A mechanic's lien is wholly the creature of statute, and therefore the question must be referred to the statutory law of the state. In construing such statutes two principles are to be borne in mind: Upon the one hand, they are to be construed liberally, with a view to effecting their object and doing substantial justice; and, upon the other hand, we must take them as we find them. The question of policy is one exclusively for the Legislature, and it is our function only to ascertain, if possible, the intent of the statutes, and then administer them in such a manner as to give effect thereto.

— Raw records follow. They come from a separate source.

(* Let $p$ be a prime and let $G$ be a finite $p$-group. Then the number of maximal abelian subgroups of $G$ is congruent to $1$ modulo $p$.
   Context: A subgroup $A$ of a group $G$ is called maximal abelian if $A$ is abelian and is not properly contained in any abelian subgroup of $G$, i.e. $A$ is maximal with respect to inclusion among the abelian subgroups of $G$. (Such subgroups need not be maximal subgroups of $G$ and may have different orders.) *)

theory Defs
  imports "HOL-Algebra.Algebra"
begin

definition abelian_subgroup :: "'a set \<Rightarrow> ('a, 'b) monoid_scheme \<Rightarrow> bool" where
  "abelian_subgroup A G \<longleftrightarrow> subgroup A G \<and>
     (\<forall>x\<in>A. \<forall>y\<in>A. x \<otimes>\<^bsub>G\<^esub> y = y \<otimes>\<^bsub>G\<^esub> x)"

definition maximal_abelian_subgroup :: "'a set \<Rightarrow> ('a, 'b) monoid_scheme \<Rightarrow> bool" where
  "maximal_abelian_subgroup A G \<longleftrightarrow> abelian_subgroup A G \<and>
     (\<forall>B. abelian_subgroup B G \<and> A \<subseteq> B \<longrightarrow> B = A)"

end

(* Induction on the order of G.  If G is abelian, G itself is its only maximal abelian
   subgroup.  Otherwise the centre Z is contained properly in every maximal abelian
   subgroup A (these are exactly the self-centralising subgroups), so p|Z| divides |A| and
   |G|.  Counting the pairs (A, x) with x in A - Z gives
     sum_A (|A| - |Z|) = sum_{x in G - Z} f x,
   where f x, the number of maximal abelian subgroups containing x, is the number of
   maximal abelian subgroups of the proper subgroup C_G(x); so f x = 1 (mod p) by
   induction.  As f is constant on the cosets of Z, the right-hand side is congruent to
   |G| - |Z| modulo p|Z|, hence m|Z| = |Z| (mod p|Z|) for the number m of maximal abelian
   subgroups, i.e. m = 1 (mod p). *)

theory Submission
  imports Defs
begin

definition centralizer :: "('a, 'b) monoid_scheme \<Rightarrow> 'a set \<Rightarrow> 'a set" where
  "centralizer G S = {g \<in> carrier G. \<forall>s\<in>S. g \<otimes>\<^bsub>G\<^esub> s = s \<otimes>\<^bsub>G\<^esub> g}"

definition center :: "('a, 'b) monoid_scheme \<Rightarrow> 'a set" where
  "center G = centralizer G (carrier G)"

lemma centralizerI:
  "g \<in> carrier G \<Longrightarrow> (\<And>s. s \<in> S \<Longrightarrow> g \<otimes>\<^bsub>G\<^esub> s = s \<otimes>\<^bsub>G\<^esub> g) \<Longrightarrow> g \<in> centralizer G S"
  unfolding centralizer_def by blast

lemma centralizerD:
  "g \<in> centralizer G S \<Longrightarrow> s \<in> S \<Longrightarrow> g \<otimes>\<^bsub>G\<^esub> s = s \<otimes>\<^bsub>G\<^esub> g"
  unfolding centralizer_def by blast

lemma centralizer_subset_carrier: "centralizer G S \<subseteq> carrier G"
  unfolding centralizer_def by blast

lemma centralizer_antimono: "S \<subseteq> T \<Longrightarrow> centralizer G T \<subseteq> centralizer G S"
  unfolding centralizer_def by blast

lemma subset_double_centralizer:
  assumes "S \<subseteq> carrier G"
  shows "S \<subseteq> centralizer G (centralizer G S)"
proof (intro subsetI centralizerI)
  show "x \<in> carrier G" if "x \<in> S" for x
    using that assms by blast
  show "x \<otimes>\<^bsub>G\<^esub> g = g \<otimes>\<^bsub>G\<^esub> x" if "x \<in> S" "g \<in> centralizer G S" for x g
    using centralizerD[OF that(2,1)] by simp
qed

lemma centralizer_restrict_carrier:
  "H \<subseteq> carrier G \<Longrightarrow> centralizer (G\<lparr>carrier := H\<rparr>) S = H \<inter> centralizer G S"
  unfolding centralizer_def by auto

lemma (in group) commute_inv:
  assumes g: "g \<in> carrier G" and s: "s \<in> carrier G" and gs: "g \<otimes> s = s \<otimes> g"
  shows "inv g \<otimes> s = s \<otimes> inv g"
proof -
  have "inv g \<otimes> s = inv g \<otimes> (s \<otimes> g) \<otimes> inv g"
    using g s by (simp add: m_assoc)
  also have "\<dots> = inv g \<otimes> (g \<otimes> s) \<otimes> inv g"
    by (simp only: gs)
  also have "\<dots> = s \<otimes> inv g"
    using g s by (simp flip: m_assoc)
  finally show ?thesis .
qed

lemma (in group) commute_mult:
  assumes g: "g \<in> carrier G" and h: "h \<in> carrier G" and s: "s \<in> carrier G"
    and gs: "g \<otimes> s = s \<otimes> g" and hs: "h \<otimes> s = s \<otimes> h"
  shows "g \<otimes> h \<otimes> s = s \<otimes> (g \<otimes> h)"
proof -
  have "g \<otimes> h \<otimes> s = g \<otimes> (h \<otimes> s)"
    using g h s by (simp add: m_assoc)
  also have "\<dots> = g \<otimes> s \<otimes> h"
    using g h s by (simp add: hs m_assoc)
  also have "\<dots> = s \<otimes> (g \<otimes> h)"
    using g h s by (simp add: gs m_assoc)
  finally show ?thesis .
qed

lemma (in group) subgroup_centralizer:
  assumes "S \<subseteq> carrier G"
  shows "subgroup (centralizer G S) G"
proof (rule subgroupI)
  show "centralizer G S \<subseteq> carrier G"
    by (rule centralizer_subset_carrier)
  have "\<one> \<in> centralizer G S"
    using assms by (intro centralizerI) auto
  then show "centralizer G S \<noteq> {}"
    by blast
  show "inv g \<in> centralizer G S" if "g \<in> centralizer G S" for g
  proof (rule centralizerI)
    have g: "g \<in> carrier G"
      using that centralizer_subset_carrier[of G S] by blast
    then show "inv g \<in> carrier G"
      by simp
    show "inv g \<otimes> s = s \<otimes> inv g" if "s \<in> S" for s
      using commute_inv[OF g _ centralizerD[OF \<open>g \<in> centralizer G S\<close> that]] that assms by blast
  qed
  show "g \<otimes> h \<in> centralizer G S" if "g \<in> centralizer G S" "h \<in> centralizer G S" for g h
  proof (rule centralizerI)
    have gh: "g \<in> carrier G" "h \<in> carrier G"
      using that centralizer_subset_carrier[of G S] by blast+
    then show "g \<otimes> h \<in> carrier G"
      by simp
    show "g \<otimes> h \<otimes> s = s \<otimes> (g \<otimes> h)" if "s \<in> S" for s
      using commute_mult[OF gh _ centralizerD[OF _ that] centralizerD[OF _ that]] that assms
        \<open>g \<in> centralizer G S\<close> \<open>h \<in> centralizer G S\<close> by blast
  qed
qed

Section 5110 of the Idaho Revised Codes provides generally that every person performing labor upon, or furnishing materials to be used in, the construction of a building, has a lien upon the same for the work done or materials furnished. Section 5114 provides that such liens are preferred to other incumbrances attaching subsequent to the time when the building was commenced or the work done or materials furnished. Section 5115 requires that any person claiming a lien shall, within the period therein prescribed, file his verified claim therefor, containing certain statements of fact, in the office of the county recorder of the county in which the property is situated. Section 5118 is as follows:

'No lien provided for in this chapter binds any building, mining claim, improvement or structure for a longer period than six months after the claim has been filed, unless proceedings by commenced in a proper court within that time to enforce such lien; or, if a credit be given, t/en six months after the expiration of such credit; but no lien shall continue in force under this chapter for a longer period than two years from the time the work is completed, or credit given, unless proceedings to enforce the same shall have been commenced.'

Section 5124 provides that the general rules of civil procedure prescribed by the Code shall apply in proceedings to foreclose liens. No other provisions are thought to have any material relation to the question under consideration, and it is apparent that, of those referred to, section 5118, which is set out in full, is of primary importance.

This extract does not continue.